I made a pedalboard out of this, from Dollarama. Total cost for board and velcro, after taxes, $7.35. It was seeing what people had done with the Ikea Gorm shelf that made me curious about whether I could do something with these 12"x12" squares. Not Pedaltrain, by any stretch, but it keeps me happy.


----------



## markxander (Oct 24, 2009)

I was going to chime in and say I'm a pedalboard hack too, but I must have been thinking of something else.


----------



## amagras (Apr 22, 2015)

When I moved to Canada I spent one year without computer or doing any studio work and thinking/practicing guitar almost the whole day, these two are part of that.








There's a third one I recently made here: 
http://www.guitarscanada.com/index.php?threads/77422/


----------



## GTmaker (Apr 24, 2006)

here is my latest pedal board ...
I think anyone who can go to Home Depot can make one. And it really works....
G.


----------



## amagras (Apr 22, 2015)

Is that a dd5 Gino?


----------



## GTmaker (Apr 24, 2006)

amagras said:


> Is that a dd5 Gino?


Funny thing is, I had to go over to the pedal board and see what it is...
Its a DD6.
Arent they all the same?
G.


----------



## amagras (Apr 22, 2015)

I should have suspected that because in the picture it looks like it has stereo inputs. Great pedal, I used to have one (don't remember if 5 or 6) and I miss it, it's built like a tank, the sound is closer to the dd3 (to me) and it has almost the same features. Thanks


----------



## 335Bob (Feb 26, 2006)

A 32"x 16"x 6" road case with insert that I built to house an FAS FX8, 2 expression pedals, a G String, EP Booster, A/B/Y switch and tuner. Flip top lid for easy access to wiring and power supply. Everything is wired to the front locking inputs.It makes for a quick setup and tear down.


----------



## flyswatter (Apr 6, 2016)

I use a piece of 5/8 plywood covered with the type of carpet used to cover bass and PA cabinets. You can find that stuff in any good electronics suppliers (cause the guys that build custom woofers for car audio use it too).
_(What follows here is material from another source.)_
(* In the setting of the context, assume (G2') and ($\overline G{}_3'$), and let $\tilde\rho$ be a metric on $X$ inducing its topology, with constants $\gamma\ge1$, $C\ge1$ such that $C^{-1}\tilde\rho(x,y)^{-\gamma}\le\tilde G(x,y)\le C\tilde\rho(x,y)^{-\gamma}$ for all $x,y\in X$. Then there exists $\tilde c_3\ge1$ such that for all $x\in X_0$, $0<r<\tilde R_0(x)$ and $y\in X\setminus\tilde U(x,r)$, $$\big\|\tilde\varepsilon_y^{\overline{\tilde U(x,r)}}\big\|\ \ge\ \tilde c_3^{-1}\,r^{\gamma}\,\tilde G(y,x).$$
   Context: $(X,\rho)$ separable metric space, $X_0\subsetneq X$ open. For every open $U\subseteq X$ and $x\in X$ a finite Borel measure $\mu_x^U$ is given with, for all open $U,V$ and $x$: $\mu_x^U(U)=0$, $\|\mu_x^U\|:=\mu_x^U(X)\le1$, $\mu_x^U=\varepsilon_x$ (Dirac) if $x\notin U$; $y\mapsto\mu_y^U(E)$ universally measurable for Borel $E$; $\mu_x^U=\int\mu_y^U\,d\mu_x^V(y)$ if $V\subseteq U$. For closed $A$, $\varepsilon_x^A:=\mu_x^{X\setminus A}$ and $\tilde\varepsilon_x^A:=\frac{w}{w(x)}\varepsilon_x^A$ (the measure with density $w/w(x)$ w.r.t. $\varepsilon_x^A$). $G\colon X\times X\to(0,\infty]$ Borel; $V(x,s):=\{y:G(y,x)^{-1}<s\}$; $S_0(x):=\sup\{s>0:\overline{V(x,s)}\subseteq X_0\}$ for $x\in X_0$. $\tilde U(x,r):=\{y:\tilde\rho(x,y)<r\}$, $\tilde R_0(x):=\sup\{r>0:\overline{\tilde U(x,r)}\subseteq X_0\}$. (G2'): for every $x$, $G(x,x)=\lim_{y\to x}G(y,x)=\infty$; there is a Borel $w$ with $0<w\le1$ and $\int w\,d\mu_x^U\le w(x)$ for all open $U$, $x$; there is $\tilde c>1$ with $\tilde G(x,z)\wedge\tilde G(y,z)\le\tilde c\tilde G(x,y)$ for all $x,y,z$, where $\tilde G(x,y):=G(x,y)/(w(x)w(y))$; $\lambda:=\inf w(X_0)>0$; for each $x$ and neighborhood $V$ of $x$, $G(\cdot,x)/w$ is bounded on $X\setminus V$. ($\overline G{}_3'$): there is $c_3\ge1$ with $\|\varepsilon_y^{\overline{V(x,s)}}\|\ge c_3^{-1}sG(y,x)$ for all $x\in X_0$, $0<s<S_0(x)$, $y\in X\setminus V(x,s)$. *)

theory Defs
  imports "HOL-Probability.Probability"
begin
It is cheap and will hold the hook side of any velcro on the bottom of your pedals. Covering the entire board makes it look clean, keeps you from getting splinters from the plywood, and lets you rearrange the pedals anyway you want.

I have 3 or 4 different sized boards that cost me something like 20 bucks in total to build (not counting the cables).


----------



## allthumbs56 (Jul 24, 2006)

Old suitcases make great pedalboards:


----------